Simulated Author's Rebuttal

0 responses · 0 unresolved

We thank the referee for their review and for acknowledging the potential significance of a simple index-sorting mechanism for exposing low-rank structure in foundation-model weights. The recommendation is listed as uncertain with no specific major comments provided in the report. We therefore stand by the manuscript as submitted while remaining available to address any additional questions or clarifications the referee may have.

Circularity Check

0 steps flagged

No significant circularity identified

full rationale

The abstract and available context present a methodological proposal for adaptive tensorization via index ordering to discover low-rank structure, without any derivations, equations, fitted parameters, or self-citations that reduce claims to inputs by construction. No load-bearing steps are described that would qualify under the enumerated circularity patterns, making the derivation self-contained as an empirical suggestion rather than a tautological re-expression of prior results.
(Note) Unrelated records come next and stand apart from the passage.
lemma sum_card_inter_neighbourhood:
  assumes sg: "simple_graph V E" and IV: "I \<subseteq> V"
  shows "(\<Sum>u\<in>V. real (card (I \<inter> neighbourhood V E u))) = (\<Sum>v\<in>I. real (degree V E v))"
proof -
  have fV: "finite V" and symE: "\<And>x y. E x y \<Longrightarrow> E y x"
    using sg unfolding simple_graph_def by auto
  have fI: "finite I" using IV fV by (auto intro: finite_subset)
  have "I \<inter> neighbourhood V E u = I \<inter> {v. E u v}" for u
    using IV unfolding neighbourhood_def by auto
  then have "(\<Sum>u\<in>V. real (card (I \<inter> neighbourhood V E u))) = (\<Sum>u\<in>V. \<Sum>v\<in>I. of_bool (E u v))"
    using fI by simp
  also have "\<dots> = (\<Sum>v\<in>I. \<Sum>u\<in>V. of_bool (E u v))" by (rule sum.swap)
  also have "\<dots> = (\<Sum>v\<in>I. real (degree V E v))"
  proof -
    have "V \<inter> {u. E u v} = neighbourhood V E v" for v
      using symE unfolding neighbourhood_def by auto
    then show ?thesis using fV by (simp add: degree_def)
  qed
  finally show ?thesis .
qed

lemma sum_card_inter_neighbourhood_le:
  assumes "simple_graph V E" "I \<subseteq> V"
  shows "(\<Sum>u\<in>V. real (card (I \<inter> neighbourhood V E u))) \<le> real (card I) * real (max_degree V E)"
proof -
  have "finite V" using assms(1) unfolding simple_graph_def by auto
  then have "(\<Sum>v\<in>I. real (degree V E v)) \<le> (\<Sum>v\<in>I. real (max_degree V E))"
    using assms(2) degree_le_max_degree[of V _ E] by (intro sum_mono) auto
  then show ?thesis unfolding sum_card_inter_neighbourhood[OF assms] by simp
qed

lemma card_mult_Z_le_occupancy:
  assumes sg: "simple_graph V E" and lam: "lam > 0" and "\<gamma> \<ge> 0"
    and occ: "local_occupancy V E lam (\<lambda>_. \<beta>) (\<lambda>_. \<gamma>)"
  shows "real (card V) * Z V E lam \<le> (\<beta> + \<gamma> * real (max_degree V E)) * (lam * Z' V E lam)"
proof -
  let ?D = "\<beta> + \<gamma> * real (max_degree V E)" and ?n = "real (card V)"
  let ?h = "\<lambda>u I. lam ^ card I *
      (\<beta> * of_bool (u \<in> I) + \<gamma> * real (card (I \<inter> neighbourhood V E u)) - 1)"
  have fV: "finite V" using sg unfolding simple_graph_def by auto
  have "(\<Sum>u\<in>V. ?h u I) \<le> ?D * (real (card I) * lam ^ card I) - ?n * lam ^ card I"
    if "I \<in> indep_sets V E" for I
  proof -
    have IV: "I \<subseteq> V" using that unfolding indep_sets_def by auto
    then have "(\<Sum>u\<in>V. ?h u I) = lam ^ card I * (\<beta> * real (card I)
        + \<gamma> * (\<Sum>u\<in>V. real (card (I \<inter> neighbourhood V E u))) - ?n)"
      using fV by (simp add: sum.distrib sum_subtractf sum_distrib_left[symmetric]
          Int_absorb1 algebra_simps)
    also have "\<dots> \<le> lam ^ card I * (\<beta> * real (card I)
        + \<gamma> * (real (card I) * real (max_degree V E)) - ?n)"
      using sum_card_inter_neighbourhood_le[OF sg IV] lam \<open>\<gamma> \<ge> 0\<close>
      by (intro mult_left_mono) (auto intro: mult_left_mono)
    finally show ?thesis by (simp add: algebra_simps)
  qed
  then have "(\<Sum>I\<in>indep_sets V E. \<Sum>u\<in>V. ?h u I)
      \<le> (\<Sum>I\<in>indep_sets V E. ?D * (real (card I) * lam ^ card I) - ?n * lam ^ card I)"
    by (rule sum_mono)
  also have "\<dots> = ?D * (lam * Z' V E lam) - ?n * Z V E lam"
    unfolding lam_mult_Z' Z_def by (simp add: sum_subtractf sum_distrib_left)
  finally have "(\<Sum>u\<in>V. \<Sum>I\<in>indep_sets V E. ?h u I) \<le> ?D * (lam * Z' V E lam) - ?n * Z V E lam"
    by (subst sum.swap)
  moreover have "0 \<le> (\<Sum>u\<in>V. \<Sum>I\<in>indep_sets V E. ?h u I)"
    by (rule sum_nonneg) (rule local_occupancy_vertex[OF sg lam occ])
  ultimately show ?thesis by linarith
qed

theorem mainTheorem1:
  fixes V :: "'a set" and E :: "'a \<Rightarrow> 'a \<Rightarrow> bool"
    and lam \<beta> \<gamma> :: real
  assumes "simple_graph V E"
    and "V \<noteq> {}"
    and "lam > 0" and "\<beta> > 0" and "\<gamma> > 0"
    and "local_occupancy V E lam (\<lambda>_. \<beta>) (\<lambda>_. \<gamma>)"
  shows "(1 / real (card V)) * (lam * Z' V E lam / Z V E lam)
            \<ge> 1 / (\<beta> + \<gamma> * real (max_degree V E))
       \<and> real (indep_number V E) \<ge> real (card V) / (\<beta> + \<gamma> * real (max_degree V E))"
proof -
  let ?D = "\<beta> + \<gamma> * real (max_degree V E)" and ?n = "real (card V)"
  let ?occ = "lam * Z' V E lam / Z V E lam"
  have fV: "finite V" using assms(1) unfolding simple_graph_def by auto
  have D: "?D > 0" using assms(4,5) by (simp add: add_pos_nonneg)
  have n: "?n > 0" using fV assms(2) by (simp add: card_gt_0_iff)
  have Z: "Z V E lam \<ge> 1" using Z_ge_1[OF fV] assms(3) by simp
  have "?n * Z V E lam \<le> ?D * (lam * Z' V E lam)"
    using card_mult_Z_le_occupancy[OF assms(1,3) less_imp_le[OF assms(5)] assms(6)] .
  then have occ_ge: "?n / ?D \<le> ?occ" using D Z by (simp add: field_simps)
  have "1 / ?D \<le> (1 / ?n) * ?occ"
    using divide_right_mono[OF occ_ge, of ?n] n by (simp add: mult.commute)
  moreover have "?occ \<le> real (indep_number V E)"
    using lam_mult_Z'_le_indep_number[OF fV] assms(3) Z by (simp add: divide_le_eq)
  ultimately show ?thesis using occ_ge by auto
qed

end
lemma RD_ge:
  fixes x y z :: real
  assumes "x > 0" "y > 0" "z > 0"
  shows "RD x y z \<ge> 3 / (sqrt y * sqrt z * (sqrt x + sqrt z)) - 3 / (y * sqrt z)"
proof -
  let ?f = "\<lambda>t. 1 / (sqrt ((t + x) * (t + y) * (t + z)) * (t + z))"
  let ?g = "\<lambda>t. 1 / (sqrt (t + x) * sqrt (t + z) * (t + z))"
  let ?h = "\<lambda>t. 1 / ((t + z) * sqrt (t + z))"
  have integral: "((\<lambda>t. 1 / sqrt y * ?g t - 1 / y * ?h t) has_integral
                    1 / sqrt y * (2 / (sqrt z * (sqrt x + sqrt z))) - 1 / y * (2 / sqrt z)) {0..}"
    using assms
    by (intro has_integral_diff has_integral_mult_right has_integral_RD_without_y
          has_integral_inverse_pow_three_halves)
  have "1 / sqrt y * ?g t - 1 / y * ?h t \<le> ?f t" if "t \<ge> 0" for t
  proof -
    have "?g t * sqrt t \<le> ?h t"
    proof -
      have "?g t * sqrt t = sqrt t / sqrt (t + x) * ?h t"
        by (simp add: ac_simps)
      also have "\<dots> \<le> 1 * ?h t"
        using assms that by (intro mult_right_mono) auto
      finally show ?thesis
        by simp
    qed
    then have "1 / y * (?g t * sqrt t) \<le> 1 / y * ?h t"
      using assms by (intro mult_left_mono) auto
    moreover have distrib: "G * (1 / sqrt y - sqrt t / y) = 1 / sqrt y * G - 1 / y * (G * sqrt t)" for G
      by (simp add: right_diff_distrib)
    ultimately have "1 / sqrt y * ?g t - 1 / y * ?h t \<le> ?g t * (1 / sqrt y - sqrt t / y)"
      unfolding distrib by linarith
    also have "\<dots> \<le> ?g t * (1 / sqrt (t + y))"
      using assms that by (intro mult_left_mono inverse_sqrt_add_ge) auto
    also have "\<dots> = ?f t"
      by (simp add: real_sqrt_mult ac_simps)
    finally show ?thesis .
  qed
  then have "1 / sqrt y * (2 / (sqrt z * (sqrt x + sqrt z))) - 1 / y * (2 / sqrt z) \<le> integral {0..} ?f"
    using integral_le[OF has_integral_integrable[OF integral] RJ_integrable] assms
    unfolding integral_unique[OF integral] by auto
  then show ?thesis
    unfolding RD_def RJ_def by (simp add: field_simps)
qed

section \<open>Degenerations of RF, RJ and RD\<close>

lemma RJ_tendsto_at_top:
  fixes x y z :: real
  assumes "x > 0" "y > 0" "z > 0"
  shows "filterlim (RJ x y z) at_top (at_right 0)"
proof (rule filterlim_at_top_mono)
  define k where "k = 1 / sqrt ((1 + x) * (1 + y) * (1 + z))"
  have "k > 0"
    using assms by (simp add: k_def add_pos_pos)
  then show "filterlim (\<lambda>p. 3 / 2 * (k * (ln (1 + p) - ln p))) at_top (at_right 0)"
    by real_asymp
  show "\<forall>\<^sub>F p in at_right 0. 3 / 2 * (k * (ln (1 + p) - ln p)) \<le> RJ x y z p"
    using eventually_at_right_less[of 0] by eventually_elim (use assms RJ_ge in \<open>simp add: k_def\<close>)
qed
Axiom & Free-Parameter Ledger

0 free parameters · 1 axioms · 0 invented entities

Review is abstract-only; ledger therefore records the minimal domain assumptions required for any tensor-network compression claim. No free parameters or invented entities are visible in the abstract.

axioms (1)
  • domain assumption Weight tensors of large foundation models contain exploitable low-rank structure once indices are suitably reordered.
    This premise is required for the adaptive tensorization claim to be meaningful and is stated directly in the abstract.